Le dio tiempo de volver a mirar su reflejo en
el cristal de aquella tasca que no conocía, en la que no conocían a Pepe mil
duros; sí, perfecto. Abrió la puerta con decisión de conquistador,
embriagándose con aquel aroma a serrín, tabaco, altramuces pasados, cerveza
ida, concina tenebrosa y servicios nunca lo suficientemente lejos, nunca lo
suficientemente limpios. Era su ambiente. Se acercó a la barra y se situó casi
en la esquina, entre un jinete de tragaperras y una pareja de compadres que
filosofaban sobre fútbol al otro lado. Siseó al chaval que atendía, joven, con
cara de pan a medio cocer y una expresión de concentración en la nada que le
parecieron ideales.

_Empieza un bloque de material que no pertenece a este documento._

(* Let $h_{00},h_{11},h_{22},h_{33}>0$, $\beta = \frac{1}{6(\det h)^2}$ with $\det h = h_{00}h_{11}h_{22}h_{33}$, and let $p(x,y)=x^4+x^3y+xy^3+y^4$, $q(x,y)=5x^4+3x^3y-xy^3-3y^4$. Consider $\dot g_{00} = -\beta\, p(g_{11},g_{22})\, g_{00}^3$, $\dot g_{11} = -\beta\, q(g_{11},g_{22})\, g_{00}^2 g_{11}$, $\dot g_{22} = -\beta\, q(g_{22},g_{11})\, g_{00}^2 g_{22}$, $\dot g_{33} = 3\beta\, p(g_{11},g_{22})\, g_{00}^2 g_{33}$, with $g_{ii}(0)=h_{ii}$. Then the solution exists for all $t\ge 0$ and: $g_{00},g_{11},g_{22}\to 0$; $g_{33}$ is increasing and $g_{33}\to\infty$; $g_{11}/g_{22}\to 1$. If $h_{11}=h_{22}$ then, with $\mu = h_{00}^3h_{33}/\det h$, $g_{00} = \mu^{1/2}(24\mu\beta t + h_{11}^{-6})^{-1/6}$, $g_{11}=g_{22} = (24\mu\beta t + h_{11}^{-6})^{-1/6}$, $g_{33} = h_{11}^3 h_{33}(24\mu\beta t + h_{11}^{-6})^{1/2}$. If $h_{11}<h_{22}$, then $g_{11}<g_{22}$ for all $t$, $g_{22}$ is decreasing, $g_{11}/g_{22}$ is increasing, and $(g_{11}g_{22})^{25} = \eta\,(g_{22}-g_{11})^4\left(2g_{22}^2+g_{11}g_{22}+2g_{11}^2\right)^3$ for all $t$, where $\eta = \frac{(h_{11}h_{22})^{25}}{(h_{22}-h_{11})^4(2h_{22}^2+h_{11}h_{22}+2h_{11}^2)^3}$.
   Context: This system is Bach flow $\partial_t g = B$, $g(0)=h$, on $\mathbb{R}\times Solv$ written in a diagonalizing basis: a left-invariant frame $\{\partial_0,e_1,e_2,e_3\}$ with $[e_i,e_j]=\sum \varepsilon_{ijl}E^{lk}e_k$, $E=\mathrm{diag}(-1,1,0)$, in which the left-invariant product metric is $g=\mathrm{diag}(g_{00},g_{11},g_{22},g_{33})$; $B$ is the Bach tensor. Along the flow $g_{00}g_{11}g_{22}g_{33}=\det h$ is constant. (The case $h_{11}>h_{22}$ is symmetric.) *)

theory Defs
  imports "HOL-Analysis.Analysis"
begin

definition bp :: "real \<Rightarrow> real \<Rightarrow> real" where
  "bp x y = x^4 + x^3*y + x*y^3 + y^4"

definition bq :: "real \<Rightarrow> real \<Rightarrow> real" where
  "bq x y = 5*x^4 + 3*x^3*y - x*y^3 - 3*y^4"

definition bach_solution ::
  "real \<Rightarrow> real \<Rightarrow> real \<Rightarrow> real \<Rightarrow> real \<Rightarrow>
   (real \<Rightarrow> real) \<Rightarrow> (real \<Rightarrow> real) \<Rightarrow> (real \<Rightarrow> real) \<Rightarrow> (real \<Rightarrow> real) \<Rightarrow> bool" where
  "bach_solution \<beta> h0 h1 h2 h3 g0 g1 g2 g3 \<longleftrightarrow>
     g0 0 = h0 \<and> g1 0 = h1 \<and> g2 0 = h2 \<and> g3 0 = h3 \<and>
     (\<forall>t\<ge>0.
        (g0 has_real_derivative (- \<beta> * bp (g1 t) (g2 t) * (g0 t)^3)) (at t within {0..}) \<and>
        (g1 has_real_derivative (- \<beta> * bq (g1 t) (g2 t) * (g0 t)^2 * g1 t)) (at t within {0..}) \<and>
        (g2 has_real_derivative (- \<beta> * bq (g2 t) (g1 t) * (g0 t)^2 * g2 t)) (at t within {0..}) \<and>
        (g3 has_real_derivative (3 * \<beta> * bp (g1 t) (g2 t) * (g0 t)^2 * g3 t)) (at t within {0..}))"
(* Let $w$ be a word over $\Omega$ of length $k$ and let $i \in I \setminus \{s\}$. Then $i + T(i) < k - s$.
   Context: Let $\Omega$ be a finite alphabet; a word of length $k$ is written $w = w_k w_{k-1}\dots w_1$. Autocorrelation: for $1 \le i \le k$, $b_i = 1$ if $w_j = w_{k-i+j}$ for all $j=1,\dots,i$, else $b_i=0$. $s = \max\{j \in\{1,\dots,k-1\}: b_j = 1\}$, or $s=0$ if no such $j$. For $1 \le i \le k-1$ with $b_i = 1$, let $[i] = \max\{ j \in \{1,\dots,k-1\} : b_j = 1 \text{ and } i = k - t(k-j) \text{ for some integer } 1 \le t \le \lfloor k/(k-j) \rfloor\}$, and $I = \{[i] : 1 \le i \le k-1,\ b_i = 1\}$ (its largest element is $s$ when $s>0$). For $i \in I$, $T(i) = \max\{ t > 0 : w_{k-i}w_{k-i-1}\dots w_{k-i-t+1} = w_{k-j}w_{k-j-1}\dots w_{k-j-t+1} \text{ for some } j \in I,\ j > i\}$, with $T(i) = 0$ if this set is empty. *)

theory Defs
  imports Main
begin

text \<open>A word of length k is w_k w_(k-1) ... w_1; we represent it by a function
  w :: nat => 'a whose values at positions 1..k are the letters.\<close>

definition autocorr :: "(nat \<Rightarrow> 'a) \<Rightarrow> nat \<Rightarrow> nat \<Rightarrow> bool" where
  "autocorr w k i \<longleftrightarrow> (\<forall>j\<in>{1..i}. w j = w (k - i + j))"

definition s_of :: "(nat \<Rightarrow> 'a) \<Rightarrow> nat \<Rightarrow> nat" where
  "s_of w k = (if \<exists>j\<in>{1..k-1}. autocorr w k j
               then Max {j\<in>{1..k-1}. autocorr w k j} else 0)"
lemma local_op_E3_in_Lie: "local_op E3 \<in> Lie"
  by (rule local_op_in_Lie) (simp_all add: adj_def E3_def vec_eq_iff forall_3 trace_def sum_UNIV_3)

lemma local_op_herm_im_in_Lie: "p \<noteq> q \<Longrightarrow> local_op (herm_im p q) \<in> Lie"
  by (rule local_op_in_Lie) (auto simp: adj_def herm_im_def vec_eq_iff trace_def intro!: sum.neutral)

lemma H_in_Lie: "csmul \<i> Hint \<in> Lie"
  unfolding Lie_def by (rule lie_gen.gen) simp

text \<open>The eigenvalues of \<open>local_op E3 / \<i>\<close> and of \<open>Hint\<close> on \<open>sym_basis S\<^sub>n\<^sub>0\<^sub>n\<^sub>1\<^sub>n\<^sub>2\<close>:
  \<open>n\<^sub>0 - n\<^sub>1\<close> and \<open>((n\<^sub>0 - n\<^sub>1)\<^sup>2 - n\<^sub>0 - n\<^sub>1) / 2\<close>.\<close>
primrec e_weight :: "occ \<Rightarrow> real" where
  "e_weight S300 = 3" | "e_weight S210 = 1" | "e_weight S201 = 2" | "e_weight S120 = -1"
| "e_weight S111 = 0" | "e_weight S102 = 1" | "e_weight S030 = -3" | "e_weight S021 = -2"
| "e_weight S012 = -1" | "e_weight S003 = 0"

primrec h_weight :: "occ \<Rightarrow> real" where
  "h_weight S300 = 3" | "h_weight S210 = -1" | "h_weight S201 = 1" | "h_weight S120 = -1"
| "h_weight S111 = -1" | "h_weight S102 = 0" | "h_weight S030 = 3" | "h_weight S021 = 1"
| "h_weight S012 = 0" | "h_weight S003 = 0"

lemma sym_matrix_orbit_sum: "sym_matrix Y $ a $ b = sum_list (map (\<lambda>t. Y $ occ_rep a $ t) (orbit b))"
proof -
  have "sym_matrix Y $ a $ b = (\<Sum>t\<in>UNIV. if occ_of t = b then Y $ occ_rep a $ t else 0)"
    by (simp add: sym_matrix_def matrix_vector_mult_def sym_basis_def if_distrib cong: if_cong)
  then show ?thesis
    by (simp add: sum_occ_of_eq)
qed

lemma sym_matrix_local_op_E3: "sym_matrix (local_op E3) = diag_mat e_weight"
  unfolding vec_eq_iff
  apply (intro allI)
  subgoal for a b
    by (cases a; cases b) (simp_all add: sym_matrix_orbit_sum local_op_def csmul_def kron3_def
        E3_def diag_mat_def mat_def occ_rep_def)
  done

lemma sym_matrix_H: "sym_matrix (csmul \<i> Hint) = diag_mat h_weight"
  unfolding vec_eq_iff
  apply (intro allI)
  subgoal for a b
    by (cases a; cases b) (simp_all add: sym_matrix_orbit_sum Hint_def csmul_def kron3_def
        E3_def diag_mat_def mat_def occ_rep_def)
  done

lemma sym_matrix_local_op_herm_im_01:
  "sym_matrix (local_op (herm_im 0 1)) = offdiag_re S210 S300 + (2/3) *\<^sub>R offdiag_re S120 S210
     + (1/3) *\<^sub>R offdiag_re S111 S201 + offdiag_re S030 S120 + (1/3) *\<^sub>R offdiag_re S021 S111
     + (1/3) *\<^sub>R offdiag_re S012 S102"
  unfolding vec_eq_iff
  apply (intro allI)
  subgoal for a b
    by (cases a; cases b) (simp_all add: sym_matrix_orbit_sum local_op_def csmul_def kron3_def
        herm_im_def mat_def occ_rep_def offdiag_re_def orbit_size_def
        scaleR_conv_of_real[where 'a=complex])
  done

lemma sym_matrix_local_op_herm_im_02:
  "sym_matrix (local_op (herm_im 0 2)) = offdiag_re S201 S300 + (1/3) *\<^sub>R offdiag_re S111 S210
     + (2/3) *\<^sub>R offdiag_re S102 S201 + (1/3) *\<^sub>R offdiag_re S021 S120 + (1/3) *\<^sub>R offdiag_re S012 S111
     + offdiag_re S003 S102"
  unfolding vec_eq_iff
  apply (intro allI)
  subgoal for a b
    by (cases a; cases b) (simp_all add: sym_matrix_orbit_sum local_op_def csmul_def kron3_def
        herm_im_def mat_def occ_rep_def offdiag_re_def orbit_size_def
        scaleR_conv_of_real[where 'a=complex])
  done

lemma sym_matrix_local_op_herm_im_12:
  "sym_matrix (local_op (herm_im 1 2)) = (1/3) *\<^sub>R offdiag_re S201 S210 + (1/3) *\<^sub>R offdiag_re S111 S120
     + (1/3) *\<^sub>R offdiag_re S102 S111 + offdiag_re S021 S030 + (2/3) *\<^sub>R offdiag_re S012 S021
     + offdiag_re S003 S012"
  unfolding vec_eq_iff
  apply (intro allI)
  subgoal for a b
    by (cases a; cases b) (simp_all add: sym_matrix_orbit_sum local_op_def csmul_def kron3_def
        herm_im_def mat_def occ_rep_def offdiag_re_def orbit_size_def
        scaleR_conv_of_real[where 'a=complex])
  done

section \<open>All root matrices lie in the restricted algebra\<close>

lemma lie_bracket_add_right: "lie_bracket X (Y + Z) = lie_bracket X Y + lie_bracket X Z"
  and lie_bracket_diff_right: "lie_bracket X (Y - Z) = lie_bracket X Y - lie_bracket X Z"
  and lie_bracket_minus_right: "lie_bracket X (- Y) = - lie_bracket X Y"
  for X Y Z :: "'a::ring_1^'n^'n"
  by (simp_all add: lie_bracket_def vec_eq_iff matrix_matrix_mult_def sum.distrib sum_subtractf
      sum_negf algebra_simps)

lemma lie_bracket_scaleR_right: "lie_bracket X (c *\<^sub>R Y) = c *\<^sub>R lie_bracket X Y"
  for X Y :: "'a::real_algebra_1^'n^'n"
  by (simp add: lie_bracket_def vec_eq_iff matrix_matrix_mult_def scaleR_sum_right algebra_simps)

El aludido, tras secarse las manos en un mandil cubierto
con manchurrones de otros miles de secados y limpiados, se acercó a él,
solícito.
—Niño, un paquete de rubio americano, Winston
a poder ser.
—Sólo tengo nacional, Celta, Ducados, Fortuna
o Diana —le listó en orden de hombría descendente, con voz lenta, torpe.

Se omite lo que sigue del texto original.